Fourthly, new energy sources are grand, but they may bring ancillary problems. For example, as much solar energy could be created in Egypt in a space one two-hundredths of the area covered by the Aswan dam and its hinterland, but the storage problem would have to be solved. There is a moral lesson there: we lost out on the on-land wind issue in the UK seven years ago because the environmental factors were not embraced at the same time as the technology.
Fifthly, 95 per cent. of population growth in the next generation will be in cities. Sixthly, we are confronted by massive problems of biological invasion through trade, air passengers, military mobilisation and mail. Some54 million air passengers enter the United States, and 180,000 are biologically infested. Of the 80 million Mexican road passengers, 201,000 are biologically infested. Of 40 million Mexican foot passengers, 55,000 are infested. Of 95 million road passengers from Canada, 322,000 are biologically infested. Four per cent. of parcel mail is infested.
Air passenger growth of 15 per cent. means that passengers may be a much larger problem than freight, although the Asian long-haul--I mean longhorn--beetle, which is the greatest current threat in the UK, enters in wooden pallets that must be replaced by plastic. The Mediterranean fruit fly has already been eradicated 17 times in California at a cost of $111 million, but climate change can alter the entire global map of Mediterranean fruit fly incidence.
Seventhly, cloud distribution, with its uncertainties, could have twice the impact of CO 2 . We do not yet understand the basic science and we need much more understanding of water vapour in cloud water feedback. Eighthly, few ecological experiments are taking place.
The soil experiments in the ecotron under the auspices of the National Environmental Research Council are demonstrating how much we still have to learn. I do not want to enter the debate on soil and genetically modified foods, but soil is a Cinderella and I believe that we have no soil legislation.

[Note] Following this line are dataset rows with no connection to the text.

lemma fixset_null: "g \<noteq> fone \<Longrightarrow> fixset g \<in> null_sets mX"
proof -
  assume g: "g \<noteq> fone"
  have "measure mX (fixset g) \<le> (1/2) ^ n" for n
  proof -
    obtain P where P: "finite P" "fixset g \<subseteq> agree P" "measure mX (agree P) \<le> (1/2) ^ n"
      using fixset_small[OF g] by blast
    have "measure mX (fixset g) \<le> measure mX (agree P)"
      using P by (intro mX.finite_measure_mono sets_agree countable_finite)
    with P(3) show ?thesis
      by linarith
  qed
  then have "measure mX (fixset g) \<le> 0"
    by (intro LIMSEQ_le_const[OF LIMSEQ_realpow_zero[of "1/2 :: real"]]) auto
  then show ?thesis
    using sets_fixset by (simp add: mX.emeasure_eq_measure null_sets_def measure_le_0_iff)
qed

lemma compl_Xp_eq: "UNIV - Xp = (\<Union>g\<in>{g. g \<noteq> fone}. fixset g)"
  by (auto simp: Xp_def fixset_def)

lemma null_sets_compl_Xp: "UNIV - Xp \<in> null_sets mX"
  unfolding compl_Xp_eq
  by (auto intro!: null_sets_UN' fixset_null countable_subset[OF subset_UNIV countable_UNIV_fg2])

lemma sets_Xp: "Xp \<in> sets mX"
  using sets.compl_sets[OF null_setsD2[OF null_sets_compl_Xp]] by (simp add: Diff_Diff_Int)

lemma measure_Xp: "measure mX Xp = 1"
  using measure_Diff_null_set[OF _ null_sets_compl_Xp, of UNIV]
  by (simp add: Diff_Diff_Int sets.top[of mX, simplified] mX.prob_space[simplified])

section \<open>The doubled space\<close>

lemma space_mY [simp]: "space mY = UNIV"
  by (simp add: mY_def space_pair_measure)

lemma prob_space_mY: "prob_space mY"
  unfolding mY_def by (intro prob_space_pair prob_space_mX prob_space_measure_pmf)

interpretation mY: prob_space mY
  by (rule prob_space_mY)

lemma sets_sheet: "A \<in> sets mX \<Longrightarrow> A \<times> {s} \<in> sets mY"
  unfolding mY_def by (rule pair_measureI) auto

lemma emeasure_sheet: "A \<in> sets mX \<Longrightarrow> emeasure mY (A \<times> {s}) = emeasure mX A * ennreal (1/2)"
proof -
  have "emeasure (measure_pmf (pmf_of_set {S1, S2})) {s} = card ({S1, S2} \<inter> {s}) / card {S1, S2}"
    by (rule emeasure_pmf_of_set) auto
  also have "\<dots> = ennreal (1/2)"
    by (cases s) (simp_all add: divide_ennreal)
  finally have "emeasure (measure_pmf (pmf_of_set {S1, S2})) {s} = ennreal (1/2)" .
  moreover assume "A \<in> sets mX"
  ultimately show ?thesis
    unfolding mY_def by (subst measure_pmf.emeasure_pair_measure_Times) auto
qed

lemma measure_sheet: "A \<in> sets mX \<Longrightarrow> measure mY (A \<times> {s}) = measure mX A / 2"
proof -
  assume "A \<in> sets mX"
  then have "ennreal (measure mY (A \<times> {s})) = ennreal (measure mX A) * ennreal (1/2)"
    using emeasure_sheet[of A s] by (simp add: mY.emeasure_eq_measure mX.emeasure_eq_measure)
  also have "\<dots> = ennreal (measure mX A / 2)"
    by (subst ennreal_mult[symmetric]) auto
  finally show ?thesis
    by (subst (asm) ennreal_inj) auto
qed

lemma null_sets_sheet_section: "Z \<in> null_sets mY \<Longrightarrow> {x. (x, s) \<in> Z} \<in> null_sets mX"
proof -
  assume Z: "Z \<in> null_sets mY"
  have "(\<lambda>x. (x, s)) \<in> measurable mX mY"
    unfolding mY_def by (rule measurable_Pair2') simp
  from measurable_sets[OF this null_setsD2[OF Z]]
  have A: "{x. (x, s) \<in> Z} \<in> sets mX"
    by (simp add: vimage_def)
  have "emeasure mY ({x. (x, s) \<in> Z} \<times> {s}) \<le> emeasure mY Z"
    using Z by (intro emeasure_mono) auto
  then have "emeasure mX {x. (x, s) \<in> Z} * ennreal (1/2) = 0"
    using Z by (simp add: emeasure_sheet[OF A] null_setsD1)
  then show ?thesis
    using A by (simp add: null_sets_def)
qed

lemma Yact_image_sheet: "Yact g ` (A \<times> {s}) = act g ` A \<times> {s}"
proof (intro set_eqI iffI)
  fix v assume "v \<in> act g ` A \<times> {s}"
  then obtain x where "x \<in> A" "v = Yact g (x, s)"
    by (auto simp: Yact_def)
  then show "v \<in> Yact g ` (A \<times> {s})"
    by blast
qed (auto simp: Yact_def)

lemma rho_Yact_image: "rho ` Yact (finv a) ` (C \<inter> UNIV \<times> {S2}) = {x. (act a x, S2) \<in> C} \<times> {S1}"
proof (intro set_eqI iffI)
  fix v assume "v \<in> {x. (act a x, S2) \<in> C} \<times> {S1}"
  then obtain x where x: "v = (x, S1)" "(act a x, S2) \<in> C"
    by blast
  have "v = rho (Yact (finv a) (act a x, S2))"
    by (simp add: x rho_def Yact_def)
  then show "v \<in> rho ` Yact (finv a) ` (C \<inter> UNIV \<times> {S2})"
    using x(2) by blast
qed (auto simp: rho_def Yact_def)

section \<open>The sets \<open>tset x\<close> and the graph\<close>

lemma G4_eq: "G4 = Abs_fg2 ` {[(False, False), (True, True)], [(False, True), (True, False)],
    [(True, False), (False, True)], [(True, True), (False, False)]}"
  unfolding G4_def T1_eq T2_eq by (simp add: fmul_def letter_inv_def finv_gen)

lemma fmul_G4_G4: "a \<in> G4 \<Longrightarrow> b \<in> G4 \<Longrightarrow> fmul a b = fone \<or> fmul a b \<in> G16"
proof -
  assume "a \<in> G4" "b \<in> G4"
  moreover from this have "fmul a b = fone \<or> rlen (fmul a b) = 4"
    unfolding G4_eq by (auto simp: fmul_def rlen_def fone_def letter_inv_def word_inject[symmetric])
  ultimately show ?thesis
    unfolding G16_def by blast
qed

lemma fmul_in_G16:
  assumes "a \<in> insert fone G4" "b \<in> insert fone G4"
  shows "fmul a b \<in> insert fone G16"
  using assms fmul_G4_G4[of a b] by (auto simp: G16_def)

lemma kappa_eqI:
  assumes "proper_partition K B" "x \<in> B j" "j \<in> {1..K}"
  shows "kappa K B x = j"
  unfolding kappa_def
proof (rule the_equality)
  fix i assume "i \<in> {1..K} \<and> x \<in> B i"
  then show "i = j"
    using assms unfolding proper_partition_def by blast
qed (use assms in simp)

lemma kappa_in_part:
  assumes part: "proper_partition K B" and "x \<in> Xp"
  shows "kappa K B x \<in> {1..K}" "x \<in> B (kappa K B x)"
proof -
  obtain j where "j \<in> {1..K}" "x \<in> B j"
    using assms unfolding proper_partition_def by blast
  with kappa_eqI[OF part] show "kappa K B x \<in> {1..K}" "x \<in> B (kappa K B x)"
    by simp_all
qed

The ecotron experiments show how effects vary markedly depending on whether the CO 2 is ambient or elevated.
Finally, let me mention three unrelated public policy issues that emphasise the complexity and consequences of these matters. First, the Master of the Rolls is interested in the establishment of an environmental court. It may be imagined that such a court could survive with a handful of environmental experts, but a minimum of a dozen would be required.
Secondly, the Select Committee on Northern Ireland Affairs will meet in private this afternoon to discuss the problem of fuel smuggling into Northern Ireland. The facts are stark. The terms of Kyoto mean that the UK has a reduction target of 12.5 per cent., while the European Union average is 8 per cent. The Republic of Ireland need not reduce at all, but can increase by 13 per cent., making a 25 per cent. difference between the Irish and ourselves. It is no wonder that there is so massive a discrepancy between fuel taxes in the two jurisdictions.
Smuggling is a natural consequence, and law-abiding citizens in Northern Ireland are being turned into law-breakers unless they wish to go out of business. I say gently to the Minister that the Government's response currently verges on the casual as the Treasury and the Northern Ireland Office seem to seek to distance themselves from the predicament, implying that the problem is the other Department's responsibility. So much for joined-up Government.